Denetim daha da sistemli hale geldi
“Üç hastanemiz, bir tıp merkezimiz, fakültelerimiz şeklindeki geniş kompleksimizde departmanlarımız, takip etmemiz gereken çok iş, ürün var” bilgisini vererek konuşmasına başlayan Amerikan Hastanesi Bilgi Güvenliği Uzmanı Mesud Adhami, “Bu noktada tedarikçi yönetimini uyguluyoruz. Hatta kendimizi de bir tedarikçi olarak sayıyoruz.
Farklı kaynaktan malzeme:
lemma stairs_inj:
  "\<forall>s\<in>set ss. LR \<notin> set s \<Longrightarrow> \<forall>s\<in>set ss'. LR \<notin> set s \<Longrightarrow>
   totM ss < m \<Longrightarrow> totN ss < n \<Longrightarrow> totM ss' < m \<Longrightarrow> totN ss' < n \<Longrightarrow>
   length ss = length ss' \<Longrightarrow> stairs m n k ss = stairs m n k ss' \<Longrightarrow> ss = ss'"
proof (induction ss arbitrary: ss' m n k)
  case (Cons s ss)
  obtain s' ts where ss': "ss' = s' # ts" using Cons.prems(7) by (cases ss') auto
  have "{(i,j). (i,j,k) \<in> stairs m n k (s # ss)} = {(i,j). (i,j,k) \<in> stairs m n k (s' # ts)}"
    using Cons.prems(8) ss' by (simp del: stairs.simps)
  then have eq: "staircase s (m - nM s) n = staircase s' (m - nM s') n"
    unfolding stairs_layer_eq .
  have "(m - nM s, n) \<in> staircase s' (m - nM s') n" "(m - nM s', n) \<in> staircase s (m - nM s) n"
    using eq start_in_staircase[of "m - nM s" n s] start_in_staircase[of "m - nM s'" n s'] by simp_all
  then have "m - nM s' \<le> m - nM s" "m - nM s \<le> m - nM s'" by (auto dest: staircase_bounds)
  moreover have "nM s < m" "nM s' < m" using Cons.prems(3,5) ss' by auto
  ultimately have "nM s = nM s'" by linarith
  with eq Cons.prems ss' have "s = s'"
    by (intro staircase_inj[of s s' n "m - nM s"]) auto
  have "{p \<in> stairs m n k (s # ss). layer p \<noteq> k} = {p \<in> stairs m n k (s' # ts). layer p \<noteq> k}"
    using Cons.prems(8) ss' by (simp del: stairs.simps)
  with \<open>s = s'\<close> have "stairs (m - nM s) (n - nN s) (Suc k) ss = stairs (m - nM s) (n - nN s) (Suc k) ts"
    unfolding stairs_other_layers by simp
  have "ss = ts"
  proof (rule Cons.IH)
    show "\<forall>s\<in>set ss. LR \<notin> set s" using Cons.prems(1) by simp
    show "\<forall>s\<in>set ts. LR \<notin> set s" using Cons.prems(2) ss' by simp
    show "totM ss < m - nM s" "totN ss < n - nN s" using Cons.prems(3,4) by simp_all
    show "totM ts < m - nM s" "totN ts < n - nN s" using Cons.prems(5,6) ss' \<open>s = s'\<close> by simp_all
    show "length ss = length ts" using Cons.prems(7) ss' by simp
  qed fact
  with ss' \<open>s = s'\<close> show ?case by simp
qed simp
(* rATL* and ATL* are equally expressive: (i) for every rATL* formula $\varphi$ and every $t\in\mathbb{B}_4$ there is an ATL* formula $\varphi_t$ with $V(s,\varphi)\succeq t\iff\mathcal{S},s\models\varphi_t$ for all concurrent game structures $\mathcal{S}$ and states $s$; and (ii) for every ATL* formula $\psi$ there is an rATL* formula $\psi^\star$ with $\mathcal{S},s\models\psi\iff V(s,\psi^\star)=1111$ for all concurrent game structures $\mathcal{S}$ and states $s$.
   Context: Fix a finite set $\mathrm{AP}$ of atomic propositions. A concurrent game structure (CGS) is a tuple $\mathcal{S}=(St,Ag,Ac,\delta,\ell)$ where $St$ is a finite set of states, $Ag$ a finite set of agents, $Ac$ a finite set of actions, $\ell:St\to 2^{\mathrm{AP}}$ a labeling, and $\delta:St\times AV\to St$ a transition function, where $AV$ is the set of action vectors for $Ag$ (an action vector for $A\subseteq Ag$ is a map $A\to Ac$). A state $s'$ is a successor of $s$ if $s'=\delta(s,v)$ for some $v\in AV$. A path is an infinite sequence $\pi=s_0s_1s_2\cdots$ of states with $s_{n+1}$ a successor of $s_n$ for all $n$; write $\pi[n]=s_n$ and $\pi[i..]$ for the suffix $s_is_{i+1}\cdots$. A strategy for an agent is a function $f:St^+\to Ac$. For $A\subseteq Ag$ and a set $F_A=\{f_a\mid a\in A\}$ of strategies, one for each agent in $A$, $out(s,F_A)$ is the set of paths $s_0s_1\cdots$ with $s_0=s$ such that for every $n\ge 0$ there is $v\in AV$ with $v(a)=f_a(s_0\cdots s_n)$ for all $a\in A$ and $s_{n+1}=\delta(s_n,v)$. $\mathbb{B}_4=\{1111,0111,0011,0001,0000\}$ is totally ordered by $1111\succ0111\succ0011\succ0001\succ0000$; for $b=b_1b_2b_3b_4\in\mathbb{B}_4$ and $k\in\{1,2,3,4\}$, $b[k]=b_k$; max and min on $\mathbb{B}_4$ refer to this order, and on bits to $0<1$. rATL* formulas: state formulas $\varphi::=p\mid\neg\varphi\mid\varphi\vee\varphi\mid\varphi\wedge\varphi\mid\varphi\to\varphi\mid\langle\!\langle A\rangle\!\rangle\Phi\mid[\![A]\!]\Phi$ and path formulas $\Phi::=\varphi\mid\neg\Phi\mid\Phi\vee\Phi\mid\Phi\wedge\Phi\mid\Phi\to\Phi\mid\dot\bigcirc\Phi\mid\dot\Diamond\Phi\mid\dot\Box\Phi$ ($p\in\mathrm{AP}$, $A$ a set of agents); an rATL* formula is a state formula. Valuation $V$ into $\mathbb{B}_4$: for state formulas, $V(s,p)=1111$ if $p\in\ell(s)$ else $0000$; $\vee,\wedge$ are max, min; $V(s,\neg\varphi)=0000$ if $V(s,\varphi)=1111$ else $1111$; $V(s,\varphi_1\to\varphi_2)=1111$ if $V(s,\varphi_1)\preceq V(s,\varphi_2)$ else $V(s,\varphi_2)$; $V(s,\langle\!\langle A\rangle\!\rangle\Phi)$ is the maximal $b$ such that there is a set $F_A$ of strategies (one per agent in $A$) with $V(\pi,\Phi)\succeq b$ for all $\pi\in out(s,F_A)$; $V(s,[\![A]\!]\Phi)$ is the maximal $b$ such that for every such $F_A$ some $\pi\in out(s,F_A)$ has $V(\pi,\Phi)\succeq b$. For path formulas: $V(\pi,\varphi)=V(\pi[0],\varphi)$ for state formulas $\varphi$; $\neg,\vee,\wedge,\to$ are as for state formulas (with $\pi$ in place of $s$); $V(\pi,\dot\bigcirc\Phi)[k]=V(\pi[1..],\Phi)[k]$; $V(\pi,\dot\Diamond\Phi)[k]=\max_{i\ge0}V(\pi[i..],\Phi)[k]$; $V(\pi,\dot\Box\Phi)=b_1b_2b_3b_4$ with $b_1=\min_{i\ge0}V(\pi[i..],\Phi)[1]$, $b_2=\max_{i\ge0}\min_{j\ge i}V(\pi[j..],\Phi)[2]$, $b_3=\min_{i\ge0}\max_{j\ge i}V(\pi[j..],\Phi)[3]$, $b_4=\max_{i\ge0}V(\pi[i..],\Phi)[4]$. ATL* is the standard logic of Alur, Henzinger and Kupferman with state formulas $\varphi::=p\mid\neg\varphi\mid\varphi\vee\varphi\mid\langle\!\langle A\rangle\!\rangle\Phi\mid[\![A]\!]\Phi$ (and derived connectives) and path formulas $\Phi::=\varphi\mid\neg\Phi\mid\Phi\vee\Phi\mid\bigcirc\Phi\mid\Diamond\Phi\mid\Box\Phi$ (and derived connectives), with Boolean satisfaction relation $\models$: $\mathcal{S},s\models\langle\!\langle A\rangle\!\rangle\Phi$ iff some $F_A$ has all $\pi\in out(s,F_A)$ satisfying $\Phi$; $\mathcal{S},s\models[\![A]\!]\Phi$ iff for every $F_A$ some $\pi\in out(s,F_A)$ satisfies $\Phi$; state formulas hold on a path iff they hold at its first state; $\bigcirc,\Diamond,\Box$ refer to the suffix $\pi[1..]$, some suffix, all suffixes respectively. *)

theory Defs
  imports Main
begin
Bizim yüz binlerce hastamız var” yorumunu yaptı. Ürünü almak kapsamında SecurityScorecard ve kendi domain’lerini eklemek istediklerini, kendi taraflarını izledikten sonra tedarikçi sürecini başlattıkları bilgisini veren Mesud Adhami, yapıyı şöyle anlattı:
“İçeride talimat, prosedür süreçlerimiz çerçevesinde bu işlemi yapıyoruz. Çalıştığımız firmalara öncelikli olarak tedarikçi yönetimi uyguladığımızdan bahsedip, onları da izlemeye aldığımızı ifade ederek karnelerini çıkarıyoruz. Bu noktada yaklaşık 3 aylık bir sürecimiz var. İmzadan önce eksikleri düzeltip düzeltemeyeceğimize bakıyoruz. Başarılı bir şekilde yönetilirse çalışmaya başlıyoruz. Sonrasında da 6 aylık periyotlarla incelemelerimizi yapıyoruz. Anlık değişimler oluyor. Bir gün içerisinde aynı firmadan 2-3 uyarı postası alabiliyoruz. Anlık müdahale edersek yanlış değerlendirebileceğimizden ötürü bunu ikiye bölüp, 6 aylık periyotlarda tedarikçilerimize yılda iki kez gidiyoruz. Aksiyonlar hızlı alınıyorsa ne mutlu. Ancak aksiyonlar hızlı alınamıyorsa sürecimizi gözden geçirip, gerekiyorsa süreci sonlandırıyoruz. Bu süreçler artık daha otomatize oldu. Bu işe ayıracağımız vakit azaldı. Kendi projelerimize, müşterilerimize, sistemlerimize ayıracak vaktimiz ise arttı.”
Dijital etkinlik, SecurityScorecard EMEA Kıdemli Satış Mühendisi Kalle Jaaskelainen’in demosu ile tamamlandı.